[SUPPLIED ENTRIES Boundary: Start]

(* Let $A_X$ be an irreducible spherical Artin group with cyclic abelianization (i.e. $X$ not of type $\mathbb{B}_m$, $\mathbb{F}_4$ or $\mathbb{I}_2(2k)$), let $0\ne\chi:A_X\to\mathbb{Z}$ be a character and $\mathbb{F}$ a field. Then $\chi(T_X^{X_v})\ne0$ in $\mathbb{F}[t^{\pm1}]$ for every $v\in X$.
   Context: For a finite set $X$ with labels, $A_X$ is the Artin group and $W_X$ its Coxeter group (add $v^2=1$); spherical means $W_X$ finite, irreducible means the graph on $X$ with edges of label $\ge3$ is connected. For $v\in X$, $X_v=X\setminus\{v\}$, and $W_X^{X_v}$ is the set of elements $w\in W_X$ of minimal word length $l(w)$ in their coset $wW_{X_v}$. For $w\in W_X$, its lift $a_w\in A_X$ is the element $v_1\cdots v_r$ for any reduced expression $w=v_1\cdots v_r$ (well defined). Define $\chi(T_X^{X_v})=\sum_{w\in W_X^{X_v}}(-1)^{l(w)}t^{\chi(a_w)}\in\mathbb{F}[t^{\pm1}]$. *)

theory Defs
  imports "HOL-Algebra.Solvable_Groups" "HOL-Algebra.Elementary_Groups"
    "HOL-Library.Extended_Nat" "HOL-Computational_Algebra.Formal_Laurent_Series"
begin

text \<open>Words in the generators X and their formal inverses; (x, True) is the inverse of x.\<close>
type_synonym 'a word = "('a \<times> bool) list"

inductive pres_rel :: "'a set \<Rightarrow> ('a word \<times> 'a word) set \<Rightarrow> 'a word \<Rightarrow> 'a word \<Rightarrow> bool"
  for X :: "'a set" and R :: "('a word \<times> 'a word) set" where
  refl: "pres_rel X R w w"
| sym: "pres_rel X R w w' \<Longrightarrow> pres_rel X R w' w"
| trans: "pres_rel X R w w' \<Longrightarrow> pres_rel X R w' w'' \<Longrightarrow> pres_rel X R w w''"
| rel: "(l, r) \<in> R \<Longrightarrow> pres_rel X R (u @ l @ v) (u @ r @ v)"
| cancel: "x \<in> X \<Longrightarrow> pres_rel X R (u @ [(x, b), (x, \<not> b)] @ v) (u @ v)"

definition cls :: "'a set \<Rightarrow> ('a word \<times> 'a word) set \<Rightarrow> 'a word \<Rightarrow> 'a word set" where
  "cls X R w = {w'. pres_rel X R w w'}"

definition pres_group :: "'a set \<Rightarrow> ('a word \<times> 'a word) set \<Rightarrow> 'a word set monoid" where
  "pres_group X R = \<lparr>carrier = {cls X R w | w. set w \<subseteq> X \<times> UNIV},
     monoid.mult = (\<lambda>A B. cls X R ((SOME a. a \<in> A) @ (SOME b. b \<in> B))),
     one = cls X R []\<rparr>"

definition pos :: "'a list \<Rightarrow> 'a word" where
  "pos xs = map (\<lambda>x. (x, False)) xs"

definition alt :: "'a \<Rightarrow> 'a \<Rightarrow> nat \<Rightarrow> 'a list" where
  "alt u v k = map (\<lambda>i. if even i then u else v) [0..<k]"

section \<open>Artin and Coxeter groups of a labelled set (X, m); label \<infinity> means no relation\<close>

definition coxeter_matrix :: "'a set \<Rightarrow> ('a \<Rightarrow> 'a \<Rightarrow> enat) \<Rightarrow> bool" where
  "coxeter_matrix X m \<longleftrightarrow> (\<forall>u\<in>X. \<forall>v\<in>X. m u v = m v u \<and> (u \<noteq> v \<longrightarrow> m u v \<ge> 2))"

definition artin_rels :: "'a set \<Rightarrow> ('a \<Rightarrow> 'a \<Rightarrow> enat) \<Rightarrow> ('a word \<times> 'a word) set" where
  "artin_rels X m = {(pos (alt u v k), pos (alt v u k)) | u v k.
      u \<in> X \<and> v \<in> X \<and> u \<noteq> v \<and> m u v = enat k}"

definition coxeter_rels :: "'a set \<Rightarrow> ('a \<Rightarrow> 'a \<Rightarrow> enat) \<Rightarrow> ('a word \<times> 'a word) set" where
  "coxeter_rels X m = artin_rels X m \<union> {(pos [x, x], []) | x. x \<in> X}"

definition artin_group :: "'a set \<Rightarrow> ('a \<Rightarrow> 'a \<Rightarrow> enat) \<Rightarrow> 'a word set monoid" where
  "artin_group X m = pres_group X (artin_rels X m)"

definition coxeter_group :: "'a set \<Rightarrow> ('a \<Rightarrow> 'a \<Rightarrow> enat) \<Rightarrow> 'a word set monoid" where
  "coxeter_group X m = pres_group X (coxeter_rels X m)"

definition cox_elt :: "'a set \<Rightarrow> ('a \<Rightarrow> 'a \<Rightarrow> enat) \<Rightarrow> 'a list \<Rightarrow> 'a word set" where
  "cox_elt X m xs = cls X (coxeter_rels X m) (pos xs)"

[SUPPLIED ENTRIES Boundary: End]

> **EXERCISE AIM**
Render every record verbatim. Nothing should be left out.

> **ANSWER AREA**
(* Let $A_X$ be an irreducible spherical Artin group with cyclic abelianization (i.e. $X$ not of type $\mathbb{B}_m$, $\mathbb{F}_4$ or $\mathbb{I}_2(2k)$), let $0\ne\chi:A_X\to\mathbb{Z}$ be a character and $\mathbb{F}$ a field. Then $\chi(T_X^{X_v})\ne0$ in $\mathbb{F}[t^{\pm1}]$ for every $v\in X$.
   Context: For a finite set $X$ with labels, $A_X$ is the Artin group and $W_X$ its Coxeter group (add $v^2=1$); spherical means $W_X$ finite, irreducible means the graph on $X$ with edges of label $\ge3$ is connected. For $v\in X$, $X_v=X\setminus\{v\}$, and $W_X^{X_v}$ is the set of elements $w\in W_X$ of minimal word length $l(w)$ in their coset $wW_{X_v}$. For $w\in W_X$, its lift $a_w\in A_X$ is the element $v_1\cdots v_r$ for any reduced expression $w=v_1\cdots v_r$ (well defined). Define $\chi(T_X^{X_v})=\sum_{w\in W_X^{X_v}}(-1)^{l(w)}t^{\chi(a_w)}\in\mathbb{F}[t^{\pm1}]$. *)

theory Defs
  imports "HOL-Algebra.Solvable_Groups" "HOL-Algebra.Elementary_Groups"
    "HOL-Library.Extended_Nat" "HOL-Computational_Algebra.Formal_Laurent_Series"
begin

text \<open>Words in the generators X and their formal inverses; (x, True) is the inverse of x.\<close>
type_synonym 'a word = "('a \<times> bool) list"

inductive pres_rel :: "'a set \<Rightarrow> ('a word \<times> 'a word) set \<Rightarrow> 'a word \<Rightarrow> 'a word \<Rightarrow> bool"
  for X :: "'a set" and R :: "('a word \<times> 'a word) set" where
  refl: "pres_rel X R w w"
| sym: "pres_rel X R w w' \<Longrightarrow> pres_rel X R w' w"
| trans: "pres_rel X R w w' \<Longrightarrow> pres_rel X R w' w'' \<Longrightarrow> pres_rel X R w w''"
| rel: "(l, r) \<in> R \<Longrightarrow> pres_rel X R (u @ l @ v) (u @ r @ v)"
| cancel: "x \<in> X \<Longrightarrow> pres_rel X R (u @ [(x, b), (x, \<not> b)] @ v) (u @ v)"

definition cls :: "'a set \<Rightarrow> ('a word \<times> 'a word) set \<Rightarrow> 'a word \<Rightarrow> 'a word set" where
  "cls X R w = {w'. pres_rel X R w w'}"

definition pres_group :: "'a set \<Rightarrow> ('a word \<times> 'a word) set \<Rightarrow> 'a word set monoid" where
  "pres_group X R = \<lparr>carrier = {cls X R w | w. set w \<subseteq> X \<times> UNIV},
     monoid.mult = (\<lambda>A B. cls X R ((SOME a. a \<in> A) @ (SOME b. b \<in> B))),
     one = cls X R []\<rparr>"

definition pos :: "'a list \<Rightarrow> 'a word" where
  "pos xs = map (\<lambda>x. (x, False)) xs"

definition alt :: "'a \<Rightarrow> 'a \<Rightarrow> nat \<Rightarrow> 'a list" where
  "alt u v k = map (\<lambda>i. if even i then u else v) [0..<k]"

section \<open>Artin and Coxeter groups of a labelled set (X, m); label \<infinity> means no relation\<close>

definition coxeter_matrix :: "'a set \<Rightarrow> ('a \<Rightarrow> 'a \<Rightarrow> enat) \<Rightarrow> bool" where
  "coxeter_matrix X m \<longleftrightarrow> (\<forall>u\<in>X. \<forall>v\<in>X. m u v = m v u \<and> (u \<noteq> v \<longrightarrow> m u v \<ge> 2))"

definition artin_rels :: "'a set \<Rightarrow> ('a \<Rightarrow> 'a \<Rightarrow> enat) \<Rightarrow> ('a word \<times> 'a word) set" where
  "artin_rels X m = {(pos (alt u v k), pos (alt v u k)) | u v k.
      u \<in> X \<and> v \<in> X \<and> u \<noteq> v \<and> m u v = enat k}"

definition coxeter_rels :: "'a set \<Rightarrow> ('a \<Rightarrow> 'a \<Rightarrow> enat) \<Rightarrow> ('a word \<times> 'a word) set" where
  "coxeter_rels X m = artin_rels X m \<union> {(pos [x, x], []) | x. x \<in> X}"

definition artin_group :: "'a set \<Rightarrow> ('a \<Rightarrow> 'a \<Rightarrow> enat) \<Rightarrow> 'a word set monoid" where
  "artin_group X m = pres_group X (artin_rels X m)"

definition coxeter_group :: "'a set \<Rightarrow> ('a \<Rightarrow> 'a \<Rightarrow> enat) \<Rightarrow> 'a word set monoid" where
  "coxeter_group X m = pres_group X (coxeter_rels X m)"

definition cox_elt :: "'a set \<Rightarrow> ('a \<Rightarrow> 'a \<Rightarrow> enat) \<Rightarrow> 'a list \<Rightarrow> 'a word set" where
  "cox_elt X m xs = cls X (coxeter_rels X m) (pos xs)"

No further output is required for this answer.